Continuing with our habit of doing as much as we can until the sun goes down, and then looking for a hotel nearby. After leaving Palermo, we ended up in these odd little self-contained concrete igloos (which they call bungalows). A little chilly inside, but I can imagine in the heat of the summer months, it would be divine. Oh, and it was only €40 a night.
It was so nice to wake to the sound of birds, and to step outside into sunshine and be surrounded by greenery. I’d never realised how much this was missing from my life in London.
Tonnara di Scopello
Before going to the beach at San Vito Lo Capo, we popped in to Tonnara di Scopello, a historic tuna fishing estate in an idyllic bay just a short drive north of where we stayed. We parked just outside the property, paid the €3 entrance fee, and waddled down the steep hill to the waterfront. The sun was shining, and the skies were clear. We got changed into our swimwear, but the sunshine felt hollow, and there was a cold breeze. We braved our feet into the water. It wasn’t quite Siberian levels of cold, but it was far removed from what I would normally swim in (and what I would expect from Mediterranean waters).
It was, however, impossibly beautiful – the water, the bay and the romantic buildings. I’m not at the stage where I’m ready to dedicate a vacation to lazing by the water reading a book, but if I was, this place would be a dream. There are rooms available in this estate – however it was well above our budget, even during the current off-peak months. We lazed on the boat ramp, in a state between blissful warmth, and goose bumps with the breeze.
San Vito lo Capo
Even though it was only several kilometres to San Vito Lo Capo as the crow flies, it was going to take an hour to get there with the amount of detour we’d have to take. We passed a few other amazing bays on the way, one of which looked like a caravan park with all of the parked up campervans along the shoreline. And, with views like this, I couldn’t blame them – especially as it seemed to be free to camp here.
The towns in this area were different. Newer, and much, much wider. We were still as confused about how parking worked in Sicily, but took our chances amongst the dozens of other cars in what looked like 24/7 tow-away zones. It was only mid-April (a good two months before summer), but already the beaches were filled with umbrellas and beach chairs. We turned down the offers, and went for a walk along the shore. The water was perfectly clear, and the sand was also surprisingly fine, making a beautiful beach. Oh yeah, and then there was the view of the mountain looming large above all, really setting this beach apart from others.
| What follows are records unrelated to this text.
(* Let $k\ge 1$ be an integer and let $G$ be a bipartite graph with bipartition $V(G)=A\cup B$, $|A|=k$, $|B|=k+1$, such that every $v\in A$ has $\deg(v)\ge 1$ and $\deg(v)>\deg(u)$ for every $u\in N(v)$. Then $G=K_{k,k+1}$ (i.e., every vertex of $A$ is adjacent to every vertex of $B$).
   Context: Degrees and neighborhoods $N(v)$ are taken in $G$. *)

theory Defs
  imports Main
begin

definition simple_graph :: "'a set \<Rightarrow> ('a \<Rightarrow> 'a \<Rightarrow> bool) \<Rightarrow> bool" where
  "simple_graph V E \<longleftrightarrow> finite V \<and> (\<forall>u v. E u v \<longrightarrow> E v u) \<and> (\<forall>v. \<not> E v v)
     \<and> (\<forall>u v. E u v \<longrightarrow> u \<in> V \<and> v \<in> V)"

definition neighbours :: "'a set \<Rightarrow> ('a \<Rightarrow> 'a \<Rightarrow> bool) \<Rightarrow> 'a \<Rightarrow> 'a set" where
  "neighbours V E v = {u \<in> V. E v u}"

definition degree :: "'a set \<Rightarrow> ('a \<Rightarrow> 'a \<Rightarrow> bool) \<Rightarrow> 'a \<Rightarrow> nat" where
  "degree V E v = card (neighbours V E v)"

definition bipartition :: "'a set \<Rightarrow> ('a \<Rightarrow> 'a \<Rightarrow> bool) \<Rightarrow> 'a set \<Rightarrow> 'a set \<Rightarrow> bool" where
  "bipartition V E A B \<longleftrightarrow> V = A \<union> B \<and> A \<inter> B = {}
     \<and> (\<forall>u v. E u v \<longrightarrow> (u \<in> A \<and> v \<in> B) \<or> (u \<in> B \<and> v \<in> A))"

end

theory Submission
  imports Defs Complex_Main
begin

text \<open>Give every edge \<open>ab\<close> (\<open>a \<in> A\<close>, \<open>b \<in> B\<close>) the weight \<open>1/d(b) - 1/d(a)\<close>.
  Summed over all edges the terms \<open>1/d(b)\<close> contribute at most \<open>|B|\<close> and the terms
  \<open>1/d(a)\<close> exactly \<open>|A|\<close>, so the total weight is at most \<open>|B| - |A| = 1\<close>.  On the
  other hand \<open>1 \<le> d(b) \<le> d(a) - 1\<close> for each neighbour \<open>b\<close> of \<open>a\<close>, so the edges at
  \<open>a\<close> weigh at least \<open>1/(d(a) - 1) \<ge> 1/k\<close>, strictly more unless \<open>d(a) = k + 1\<close>.\<close>

lemma neighbours_bipartition_left:
  assumes "simple_graph V E" "bipartition V E A B" "a \<in> A"
  shows "neighbours V E a = {b \<in> B. E a b}"
  using assms unfolding simple_graph_def bipartition_def neighbours_def by blast

lemma neighbours_bipartition_right:
  assumes "simple_graph V E" "bipartition V E A B" "b \<in> B"
  shows "neighbours V E b = {a \<in> A. E a b}"
  using assms unfolding simple_graph_def bipartition_def neighbours_def by blast

lemma sum_inverse_codegree_le_card:
  fixes R :: "'a \<Rightarrow> 'b \<Rightarrow> bool"
  assumes "finite A" "finite B"
  shows "(\<Sum>a\<in>A. \<Sum>b\<in>{b \<in> B. R a b}. 1 / real (card {a' \<in> A. R a' b})) \<le> real (card B)"
proof -
  have "(\<Sum>a\<in>A. \<Sum>b\<in>{b \<in> B. R a b}. 1 / real (card {a' \<in> A. R a' b}))
      = (\<Sum>b\<in>B. \<Sum>a\<in>{a \<in> A. R a b}. 1 / real (card {a' \<in> A. R a' b}))"
    by (rule sum.swap_restrict[OF assms])
  also have "\<dots> \<le> (\<Sum>b\<in>B. 1)"
    by (rule sum_mono) (simp add: card_eq_0_iff)
  finally show ?thesis by simp
qed

lemma sum_inverse_diff_ge:
  fixes c :: "'b \<Rightarrow> nat"
  assumes "finite S" "\<forall>b\<in>S. 1 \<le> c b \<and> c b < card S"
  shows "1 / (real (card S) - 1) \<le> (\<Sum>b\<in>S. 1 / real (c b) - 1 / real (card S))"
proof (cases "S = {}")
  case False
  let ?d = "real (card S)"
  from False obtain b where "b \<in> S" by blast
  then have "?d \<ge> 2" using assms(2) by fastforce
  have "(\<Sum>b\<in>S. 1 / (?d - 1) - 1 / ?d) \<le> (\<Sum>b\<in>S. 1 / real (c b) - 1 / ?d)"
    using assms(2) by (intro sum_mono diff_right_mono divide_left_mono) auto
  moreover have "(\<Sum>b\<in>S. 1 / (?d - 1) - 1 / ?d) = 1 / (?d - 1)"
    using \<open>?d \<ge> 2\<close> by (simp add: field_simps)
  ultimately show ?thesis by simp
qed simp

lemma complete_if_degrees_drop:
  fixes R :: "'a \<Rightarrow> 'b \<Rightarrow> bool"
  assumes fin: "finite A" "finite B" and card_B: "card B = card A + 1"
    and nonisolated: "\<forall>a\<in>A. \<exists>b\<in>B. R a b"
    and drop: "\<forall>a\<in>A. \<forall>b\<in>B. R a b \<longrightarrow> card {a' \<in> A. R a' b} < card {b' \<in> B. R a b'}"
  shows "\<forall>a\<in>A. \<forall>b\<in>B. R a b"
proof -
  define N where "N a = {b \<in> B. R a b}" for a
  define d where "d b = card {a \<in> A. R a b}" for b
  define w where "w a = (\<Sum>b\<in>N a. 1 / real (d b) - 1 / real (card (N a)))" for a
  let ?k = "card A"
  have fin_N: "finite (N a)" and N_sub: "N a \<subseteq> B" for a
    using fin by (auto simp: N_def)
  have N_le: "card (N a) \<le> ?k + 1" for a
    using card_mono[OF fin(2) N_sub] card_B by simp
  have codegree_bounds: "1 \<le> d b \<and> d b < card (N a)" if a: "a \<in> A" and b: "b \<in> N a" for a b
  proof -
    have "a \<in> {a \<in> A. R a b}" using a b by (simp add: N_def)
    then have "d b \<noteq> 0" using fin(1) by (auto simp: d_def card_eq_0_iff)
    then show ?thesis using drop a b by (fastforce simp: N_def d_def)
  qed
  have N_ge_2: "2 \<le> card (N a)" if a: "a \<in> A" for a
  proof -
    obtain b where "b \<in> N a" using nonisolated a by (auto simp: N_def)
    then show ?thesis using codegree_bounds[OF a] by fastforce
  qed
  have w_ge: "1 / (real (card (N a)) - 1) \<le> w a" if a: "a \<in> A" for a
    unfolding w_def using codegree_bounds[OF a] by (intro sum_inverse_diff_ge fin_N) blast
  have w_total: "(\<Sum>a\<in>A. w a) \<le> 1"
  proof -
    have "(\<Sum>a\<in>A. \<Sum>b\<in>N a. 1 / real (card (N a))) = (\<Sum>a\<in>A. 1)"
      using N_ge_2 by (intro sum.cong) fastforce+
    moreover have "(\<Sum>a\<in>A. \<Sum>b\<in>N a. 1 / real (d b)) \<le> real ?k + 1"
      using sum_inverse_codegree_le_card[OF fin, of R] card_B by (simp add: N_def d_def)
    ultimately show ?thesis by (simp add: w_def sum_subtractf)
  qed
  have w_ge_inverse_k: "1 / real ?k \<le> w a" if a: "a \<in> A" for a
  proof -
    have "1 / real ?k \<le> 1 / (real (card (N a)) - 1)"
      using N_le[of a] N_ge_2[OF a] by (intro divide_left_mono) auto
    then show ?thesis using w_ge[OF a] by linarith
  qed
  have N_full: "card (N a) = ?k + 1" if a: "a \<in> A" for a
  proof (rule ccontr)
    assume "card (N a) \<noteq> ?k + 1"
    then have "1 / real ?k < 1 / (real (card (N a)) - 1)"
      using N_le[of a] N_ge_2[OF a] by (intro divide_strict_left_mono) auto
    then have "1 / real ?k < w a" using w_ge[OF a] by linarith
    then have "(\<Sum>x\<in>A. 1 / real ?k) < (\<Sum>x\<in>A. w x)"
      using a w_ge_inverse_k by (intro sum_strict_mono_ex1 fin(1)) blast+
    moreover have "(\<Sum>x\<in>A. 1 / real ?k) = 1"
      using a fin(1) by (auto simp: card_gt_0_iff)
    ultimately show False using w_total by linarith
  qed
  have "N a = B" if "a \<in> A" for a
    using card_subset_eq[OF fin(2) N_sub] N_full[OF that] card_B by simp
  then show ?thesis by (auto simp: N_def)
qed

theorem lemma3p3:
  fixes V A B :: "'a set" and E :: "'a \<Rightarrow> 'a \<Rightarrow> bool" and k :: nat
  assumes "k \<ge> 1"
    and "simple_graph V E"
    and "bipartition V E A B"
    and "card A = k" and "card B = k + 1"
    and "\<forall>v\<in>A. degree V E v \<ge> 1"
    and "\<forall>v\<in>A. \<forall>u\<in>neighbours V E v. degree V E v > degree V E u"
  shows "\<forall>a\<in>A. \<forall>b\<in>B. E a b"
proof (rule complete_if_degrees_drop)
  have "finite V" using assms(2) by (simp add: simple_graph_def)
  then show "finite A" "finite B" using assms(3) by (auto simp: bipartition_def)
  show "card B = card A + 1" using assms(4,5) by simp
  have left: "degree V E a = card {b \<in> B. E a b}" if "a \<in> A" for a
    using neighbours_bipartition_left[OF assms(2,3) that] by (simp add: degree_def)
  have right: "degree V E b = card {a \<in> A. E a b}" if "b \<in> B" for b
    using neighbours_bipartition_right[OF assms(2,3) that] by (simp add: degree_def)
  show "\<forall>a\<in>A. \<exists>b\<in>B. E a b"
  proof
    fix a assume "a \<in> A"
    then have "card {b \<in> B. E a b} \<noteq> 0" using assms(6) left by fastforce
    then have "{b \<in> B. E a b} \<noteq> {}" by force
    then show "\<exists>b\<in>B. E a b" by blast
  qed
  show "\<forall>a\<in>A. \<forall>b\<in>B. E a b \<longrightarrow> card {a' \<in> A. E a' b} < card {b' \<in> B. E a b'}"
    using assms(7) left right neighbours_bipartition_left[OF assms(2,3)] by fastforce
qed

end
The water wasn’t much warmer, but the sun felt warmer, and the wind was less gusty, so we actually braved a swim! Well, as much as we could given how shallow the waters were – and given I was paranoid about leaving my camera unattended on the beach, I didn’t want to venture too far away.
I let Risa treat herself to a nice lunch, since we’d made do with a cheap breakfast. We ended up at U Sfizziusu, which like everything else in Sicily, was a seafood restaurant – which suited Risa perfectly. I settled for a simple (though delicious pasta), but Risa got this enormous seafood soup! There was half a lobster, several king prawns, mussels, clams, squid, and other treats – and all for €25. The photos don’t quite do justice as to how large this dish was – I’d guess at least 30-40cm in diameter!
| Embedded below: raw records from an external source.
(* In any execution of Algorithm FS (with $T\ge 4$), let $v,w$ be active neighboring nodes in round $t$ with $d_t(v,w)\le 1$, and let $t'>t$ be the first round with $d_{t'}(v,w)>1$. Then $d_{t'+1}(v,w)\le 1$.
   Context: Model (beeping model with arbitrary activations). $G=(V,E)$ finite connected undirected graph; synchronous rounds; in each round each active node either beeps or listens; a listening node learns only whether at least one neighbor beeped. $T\ge 4$; checkpoints $\mathit{CP}=\{c\in\mathbb{N}_0: c\equiv 0\pmod 4,\ T-c>3\}$. Algorithm FS. Each node $v$ stores $\delta(v)\in\{0,\dots,T-1\}$, $\mathit{State}(v)\in\{\mathit{Inactive},\mathit{Beep},\mathit{Listen}\}$, $\mathit{Induced}(v)\in\{\mathit{true},\mathit{false}\}$. Initially all nodes are Inactive. A node $v$ is activated in round $t$ if the adversary activates it in round $t$, or $v$ is inactive and some neighbor beeps in round $t-1$; then at the beginning of round $t$, $\delta(v)=1$, $\mathit{State}(v)=\mathit{Beep}$, $\mathit{Induced}(v)=\mathit{true}$. In each round each active node $v$, according to its state at the beginning of the round: (1) if $\mathit{State}(v)=\mathit{Beep}$: beeps; $\delta(v)\gets\delta(v)+1\bmod T$; $\mathit{State}(v)\gets\mathit{Listen}$; (2) if $\mathit{State}(v)=\mathit{Listen}$ and some neighbor beeps: if $\delta(v)\equiv c-1\pmod T$ for some $c\in\mathit{CP}$, then $\delta(v)\gets\delta(v)+2\bmod T$, $\mathit{State}(v)\gets\mathit{Beep}$, $\mathit{Induced}(v)\gets\mathit{true}$; else $\delta(v)\gets\delta(v)+1\bmod T$; (3) if $\mathit{State}(v)=\mathit{Listen}$ and no neighbor beeps: $\delta(v)\gets\delta(v)+1\bmod T$; then if ($\mathit{Induced}(v)=\mathit{true}$ and new $\delta(v)\in\mathit{CP}$) or new $\delta(v)=0$: $\mathit{State}(v)\gets\mathit{Beep}$, $\mathit{Induced}(v)\gets\mathit{false}$. Virtual counter: if $v$ is activated in round $t_0$ then $c_{t_0}(v)=0$, and $c_{t+1}(v)=c_t(v)+a$, where $a\in\{1,2\}$ is the amount added to $\delta(v)$ (before reduction mod $T$) in round $t$. $d_t(v,w)=|c_t(v)-c_t(w)|$. *)

theory Defs
  imports Main
begin

datatype nstate = Inactive | Beep | Listen

text \<open>Local state of a node: State, delta, Induced, and the virtual counter c.\<close>
record node =
  state :: nstate
  dl :: nat
  induced :: bool
  cnt :: nat

definition CP :: "nat \<Rightarrow> nat set" where
  "CP T = {c. c mod 4 = 0 \<and> c + 3 < T}"

definition inactive_node :: node where
  "inactive_node = \<lparr>state = Inactive, dl = 0, induced = False, cnt = 0\<rparr>"

definition activated_node :: node where
  "activated_node = \<lparr>state = Beep, dl = 1, induced = True, cnt = 0\<rparr>"

definition fs_step :: "nat \<Rightarrow> bool \<Rightarrow> node \<Rightarrow> node" where
  "fs_step T heard n =
     (case state n of
        Inactive \<Rightarrow> n
      | Beep \<Rightarrow> n\<lparr>dl := (dl n + 1) mod T, state := Listen, cnt := cnt n + 1\<rparr>
      | Listen \<Rightarrow>
          (if heard then
             (if (\<exists>c\<in>CP T. int (dl n) mod int T = (int c - 1) mod int T)
              then n\<lparr>dl := (dl n + 2) mod T, state := Beep, induced := True, cnt := cnt n + 2\<rparr>
              else n\<lparr>dl := (dl n + 1) mod T, cnt := cnt n + 1\<rparr>)
           else
             (let d' = (dl n + 1) mod T in
              if (induced n \<and> d' \<in> CP T) \<or> d' = 0
              then n\<lparr>dl := d', state := Beep, induced := False, cnt := cnt n + 1\<rparr>
              else n\<lparr>dl := d', cnt := cnt n + 1\<rparr>)))"

definition beeps :: "('v \<Rightarrow> node) \<Rightarrow> 'v \<Rightarrow> bool" where
  "beeps q u \<longleftrightarrow> state (q u) = Beep"

text \<open>conf E T adv t v: configuration of v at the beginning of round t, after the
  activations of round t have taken effect. adv t v: the adversary activates v in round t
  (only effective if v is inactive).\<close>
fun conf :: "('v \<times> 'v) set \<Rightarrow> nat \<Rightarrow> (nat \<Rightarrow> 'v \<Rightarrow> bool) \<Rightarrow> nat \<Rightarrow> 'v \<Rightarrow> node" where
  "conf E T adv 0 = (\<lambda>v. if adv 0 v then activated_node else inactive_node)"
| "conf E T adv (Suc t) =
     (let q = conf E T adv t;
          heard = (\<lambda>v. \<exists>u. (v, u) \<in> E \<and> beeps q u);
          p = (\<lambda>v. fs_step T (heard v) (q v))
      in (\<lambda>v. if state (p v) = Inactive \<and> (adv (Suc t) v \<or> heard v)
              then activated_node else p v))"

definition active :: "('v \<times> 'v) set \<Rightarrow> nat \<Rightarrow> (nat \<Rightarrow> 'v \<Rightarrow> bool) \<Rightarrow> nat \<Rightarrow> 'v \<Rightarrow> bool" where
  "active E T adv t v \<longleftrightarrow> state (conf E T adv t v) \<noteq> Inactive"

definition dist_c :: "('v \<times> 'v) set \<Rightarrow> nat \<Rightarrow> (nat \<Rightarrow> 'v \<Rightarrow> bool) \<Rightarrow> nat \<Rightarrow> 'v \<Rightarrow> 'v \<Rightarrow> nat" where
  "dist_c E T adv t v w = nat \<bar>int (cnt (conf E T adv t v)) - int (cnt (conf E T adv t w))\<bar>"

end

theory Submission imports Defs begin

text \<open>Along an execution every active node satisfies \<open>\<delta> = (c + 1) mod T\<close>, and its
  virtual counter grows by 1 or 2 per round, by 2 exactly when it listens, hears a beep
  and \<open>\<delta>\<close> is one below a checkpoint. So if the distance of neighbours \<open>a\<close>, \<open>b\<close>
  jumps from at most 1 to 2, then \<open>a\<close> was one ahead, made the double step and now beeps,
  while \<open>b\<close> made a single step and now holds the value of \<open>\<delta>\<close> from which \<open>a\<close> jumped.
  That value is one below a checkpoint, so \<open>b\<close> did not start beeping; in the next round
  \<open>b\<close> hears \<open>a\<close> and jumps by 2 while \<open>a\<close> advances by 1.\<close>

definition before_checkpoint :: "nat \<Rightarrow> nat \<Rightarrow> bool" where
  "before_checkpoint T d \<longleftrightarrow> (\<exists>c\<in>CP T. int d mod int T = (int c - 1) mod int T)"

definition hears :: "('v \<times> 'v) set \<Rightarrow> ('v \<Rightarrow> node) \<Rightarrow> 'v \<Rightarrow> bool" where
  "hears E q v \<longleftrightarrow> (\<exists>u. (v, u) \<in> E \<and> beeps q u)"

lemma before_checkpoint_not_checkpoint:
  assumes "before_checkpoint T d" and "d < T"
  shows "d \<notin> CP T" and "d \<noteq> 0"
proof -
  obtain c where "c \<in> CP T" and d: "int d = (int c - 1) mod int T"
    using assms by (auto simp: before_checkpoint_def)
  then have c: "c mod 4 = 0" "c + 3 < T"
    by (simp_all add: CP_def)
  have "d = T - 1 \<or> (d = c - 1 \<and> 0 < c)"
  proof (cases "c = 0")
    case True
    then show ?thesis using d c(2) by (simp add: zmod_minus1)
  next
    case False
    then show ?thesis using d c by auto
  qed
  moreover have "(c - 1) mod 4 = 3" if "0 < c"
  proof -
    have "Suc (c - 1) mod 4 = 0" using c(1) that by simp
    then show ?thesis by (simp add: mod_Suc split: if_splits)
  qed
  ultimately show "d \<notin> CP T" "d \<noteq> 0"
    using c(2) by (auto simp: CP_def)
qed

lemma fs_step_not_Inactive: "state n \<noteq> Inactive \<Longrightarrow> state (fs_step T h n) \<noteq> Inactive"
  by (auto simp: fs_step_def Let_def split: nstate.splits)

lemma fs_step_cnt_cases:
  "state n \<noteq> Inactive \<Longrightarrow>
     cnt (fs_step T h n) = cnt n + 1 \<or> cnt (fs_step T h n) = cnt n + 2"
  by (auto simp: fs_step_def Let_def split: nstate.splits)

lemma fs_step_dl_cnt:
  assumes "state n \<noteq> Inactive" and "dl n = (cnt n + 1) mod T" and "0 < T"
  shows "dl (fs_step T h n) = (cnt (fs_step T h n) + 1) mod T"
  using assms by (auto simp: fs_step_def Let_def mod_simps split: nstate.splits)

lemma fs_step_cnt_add_2_iff:
  "state n \<noteq> Inactive \<Longrightarrow> cnt (fs_step T h n) = cnt n + 2 \<longleftrightarrow>
     state n = Listen \<and> h \<and> before_checkpoint T (dl n)"
  by (auto simp: fs_step_def before_checkpoint_def Let_def split: nstate.splits)

lemma fs_step_cnt_add_2_Beep:
  "state n \<noteq> Inactive \<Longrightarrow> cnt (fs_step T h n) = cnt n + 2 \<Longrightarrow> state (fs_step T h n) = Beep"
  by (auto simp: fs_step_def Let_def split: nstate.splits if_splits)

lemma fs_step_cnt_add_1_Beep:
  assumes "cnt (fs_step T h n) = cnt n + 1" and "state (fs_step T h n) = Beep"
  shows "(dl n + 1) mod T \<in> CP T \<or> (dl n + 1) mod T = 0"
  using assms by (auto simp: fs_step_def Let_def split: nstate.splits if_splits)

lemma fs_step_Beep_cnt: "state n = Beep \<Longrightarrow> cnt (fs_step T h n) = cnt n + 1"
  by (simp add: fs_step_def)

lemma fs_step_gap_opening:
  assumes "0 < T" and "state X \<noteq> Inactive" and "state Y \<noteq> Inactive"
    and dl_X: "dl X = (cnt X + 1) mod T" and dl_Y: "dl Y = (cnt Y + 1) mod T"
    and "cnt X \<le> cnt Y + 1" and "cnt (fs_step T hX X) \<ge> cnt (fs_step T hY Y) + 2"
  shows "cnt (fs_step T hX X) = cnt (fs_step T hY Y) + 2"
    and "state (fs_step T hX X) = Beep"
    and "state (fs_step T hY Y) = Listen"
    and "before_checkpoint T (dl (fs_step T hY Y))"
proof -
  let ?X' = "fs_step T hX X" and ?Y' = "fs_step T hY Y"
  have X': "cnt ?X' = cnt X + 2" and Y': "cnt ?Y' = cnt Y + 1" and XY: "cnt X = cnt Y + 1"
    using fs_step_cnt_cases[of X T hX] fs_step_cnt_cases[of Y T hY] assms(2,3,6,7) by auto
  then show "cnt ?X' = cnt ?Y' + 2" by simp
  show "state ?X' = Beep"
    using fs_step_cnt_add_2_Beep assms(2) X' .
  have jump: "before_checkpoint T (dl X)"
    using fs_step_cnt_add_2_iff assms(2) X' by blast
  have same_dl: "dl ?Y' = dl X"
    using fs_step_dl_cnt[OF assms(3) dl_Y assms(1)] dl_X Y' XY by simp
  then show "before_checkpoint T (dl ?Y')"
    using jump by simp
  have "dl X \<notin> CP T" "dl X \<noteq> 0"
    using before_checkpoint_not_checkpoint[OF jump] dl_X assms(1) by simp_all
  moreover have "(dl Y + 1) mod T = dl X"
    using dl_X dl_Y XY by (simp add: mod_simps)
  ultimately have "state ?Y' \<noteq> Beep"
    using fs_step_cnt_add_1_Beep[OF Y'] by auto
  then show "state ?Y' = Listen"
    using fs_step_not_Inactive[OF assms(3)] by (cases "state ?Y'") auto
qed

declare conf.simps(2) [simp del]

lemma conf_Suc_of_active:
  assumes "active E T adv s v"
  shows "conf E T adv (Suc s) v = fs_step T (hears E (conf E T adv s) v) (conf E T adv s v)"
  using assms fs_step_not_Inactive[of "conf E T adv s v"]
  by (simp add: conf.simps(2) active_def hears_def Let_def)

lemma active_Suc: "active E T adv s v \<Longrightarrow> active E T adv (Suc s) v"
  using conf_Suc_of_active fs_step_not_Inactive by (metis active_def)

lemma active_mono:
  assumes "active E T adv s v" and "s \<le> s'"
  shows "active E T adv s' v"
  using assms(2,1) by (induction rule: dec_induct) (auto intro: active_Suc)

lemma conf_Suc_of_inactive:
  assumes "\<not> active E T adv s v" and "active E T adv (Suc s) v"
  shows "conf E T adv (Suc s) v = activated_node"
  using assms by (auto simp: conf.simps(2) active_def Let_def fs_step_def split: if_splits)

lemma dl_conf_eq_cnt:
  assumes "2 \<le> T" and "active E T adv s v"
  shows "dl (conf E T adv s v) = (cnt (conf E T adv s v) + 1) mod T"
  using assms(2)
proof (induction s arbitrary: v)
  case 0
  then show ?case
    using assms(1) by (cases "adv 0 v") (auto simp: active_def activated_node_def inactive_node_def)
next
  case (Suc s)
  show ?case
  proof (cases "active E T adv s v")
    case True
    then show ?thesis
      using fs_step_dl_cnt Suc.IH[OF True] conf_Suc_of_active[OF True] assms(1)
      by (simp add: active_def)
  next
    case False
    then show ?thesis
      using conf_Suc_of_inactive[OF False Suc.prems] assms(1) by (simp add: activated_node_def)
  qed
qed

lemma cnt_gap_closes:
  assumes "2 \<le> T" and "(b, a) \<in> E" and act_a: "active E T adv s a" and act_b: "active E T adv s b"
    and "cnt (conf E T adv s a) \<le> cnt (conf E T adv s b) + 1"
    and "cnt (conf E T adv (Suc s) a) \<ge> cnt (conf E T adv (Suc s) b) + 2"
  shows "cnt (conf E T adv (Suc (Suc s)) a) = cnt (conf E T adv (Suc (Suc s)) b) + 1"
proof -
  let ?p = "conf E T adv s" and ?q = "conf E T adv (Suc s)"
  note step_a = conf_Suc_of_active[OF act_a] and step_b = conf_Suc_of_active[OF act_b]
  have "cnt (fs_step T (hears E ?p a) (?p a)) \<ge> cnt (fs_step T (hears E ?p b) (?p b)) + 2"
    using assms(6) step_a step_b by simp
  from fs_step_gap_opening[OF _ _ _ dl_conf_eq_cnt dl_conf_eq_cnt assms(5) this]
  have gap: "cnt (?q a) = cnt (?q b) + 2" "state (?q a) = Beep" "state (?q b) = Listen"
      "before_checkpoint T (dl (?q b))"
    using assms(1) act_a act_b unfolding step_a step_b by (simp_all add: active_def)
  have "hears E ?q b"
    using assms(2) gap(2) by (auto simp: hears_def beeps_def)
  then have "cnt (fs_step T (hears E ?q b) (?q b)) = cnt (?q b) + 2"
    using fs_step_cnt_add_2_iff[of "?q b"] gap(3,4) by simp
  then have "cnt (conf E T adv (Suc (Suc s)) b) = cnt (?q b) + 2"
    unfolding conf_Suc_of_active[OF active_Suc[OF act_b]] .
  moreover have "cnt (conf E T adv (Suc (Suc s)) a) = cnt (?q a) + 1"
    unfolding conf_Suc_of_active[OF active_Suc[OF act_a]] using fs_step_Beep_cnt gap(2) .
  ultimately show ?thesis
    using gap(1) by simp
qed

lemma dist_c_le_1_iff:
  "dist_c E T adv s v w \<le> 1 \<longleftrightarrow>
     cnt (conf E T adv s v) \<le> cnt (conf E T adv s w) + 1 \<and>
     cnt (conf E T adv s w) \<le> cnt (conf E T adv s v) + 1"
  by (auto simp: dist_c_def)

lemma dist_c_recovers:
  assumes "sym E" and "2 \<le> T" and "(v, w) \<in> E"
    and "active E T adv s v" and "active E T adv s w"
    and "dist_c E T adv s v w \<le> 1" and "dist_c E T adv (Suc s) v w > 1"
  shows "dist_c E T adv (Suc (Suc s)) v w \<le> 1"
proof -
  let ?c = "\<lambda>s x. cnt (conf E T adv s x)"
  have "(w, v) \<in> E"
    using assms(1,3) by (auto simp: sym_def)
  have before: "?c s v \<le> ?c s w + 1" "?c s w \<le> ?c s v + 1"
    using assms(6) unfolding dist_c_le_1_iff by simp_all
  consider "?c (Suc s) v \<ge> ?c (Suc s) w + 2" | "?c (Suc s) w \<ge> ?c (Suc s) v + 2"
    using assms(7) unfolding dist_c_le_1_iff not_le[symmetric] by linarith
  then show ?thesis
  proof cases
    case 1
    from cnt_gap_closes[OF assms(2) \<open>(w, v) \<in> E\<close> assms(4,5) before(1) this]
    show ?thesis unfolding dist_c_le_1_iff by simp
  next
    case 2
    from cnt_gap_closes[OF assms(2,3,5,4) before(2) this]
    show ?thesis unfolding dist_c_le_1_iff by simp
  qed
qed

theorem mainTheorem10:
  fixes E :: "('v::finite \<times> 'v) set" and T :: nat and adv :: "nat \<Rightarrow> 'v \<Rightarrow> bool"
    and v w :: 'v and t t' :: nat
  assumes "sym E" and "irrefl E" and "\<forall>x y. (x, y) \<in> E\<^sup>*"
    and "T \<ge> 4"
    and "(v, w) \<in> E"
    and "active E T adv t v" and "active E T adv t w"
    and "dist_c E T adv t v w \<le> 1"
    and "t < t'" and "dist_c E T adv t' v w > 1"
    and "\<forall>s. t < s \<and> s < t' \<longrightarrow> dist_c E T adv s v w \<le> 1"
  shows "dist_c E T adv (Suc t') v w \<le> 1"
proof -
  obtain s where t': "t' = Suc s" and "t \<le> s"
    using \<open>t < t'\<close> by (cases t') auto
  have "dist_c E T adv s v w \<le> 1"
    using assms(8,11) t' \<open>t \<le> s\<close> by (cases "s = t") auto
  moreover have "active E T adv s v" "active E T adv s w"
    using active_mono[OF assms(6)] active_mono[OF assms(7)] \<open>t \<le> s\<close> by simp_all
  ultimately show ?thesis
    using dist_c_recovers[OF assms(1) _ assms(5)] assms(4,10) unfolding t' by simp
qed

end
With her in a food coma, we did our best to catch the last of the afternoon sun in another historic, hilltop village called Erice. We’d timed it well as most visitors were starting to leave, so we had no problems with parking – once I’d been able to get change for the ticket machine.
These historic towns were starting to feel a little similar, however there was still enough charm and hidden alleys to keep us motivated. The main streets were just a little too decorated with advertising to really enjoy – but I get that they need to make a living, too.
The wind up on this rocky plateau was intense, but was worth battling with for the views out over where we’d been earlier today.
Many of the attractions were already shut (or hadn’t opened), but we made a quick visit into the Venus Castle – so named for the Cult of Venus that was said to have practised there in ancient times. There wasn’t a great deal to see inside, with pretty limited ruins, however there was something about this place that really appealed to me. The panels with the history were engaging, which really helped the imagination.
Plus, the views!
We wandered a little longer/deeper, but we found the rewards were diminishing rapidly, so after re-treading the same main streets several times, we made our way south – as far as we could towards Agrigento before it was too dark/late.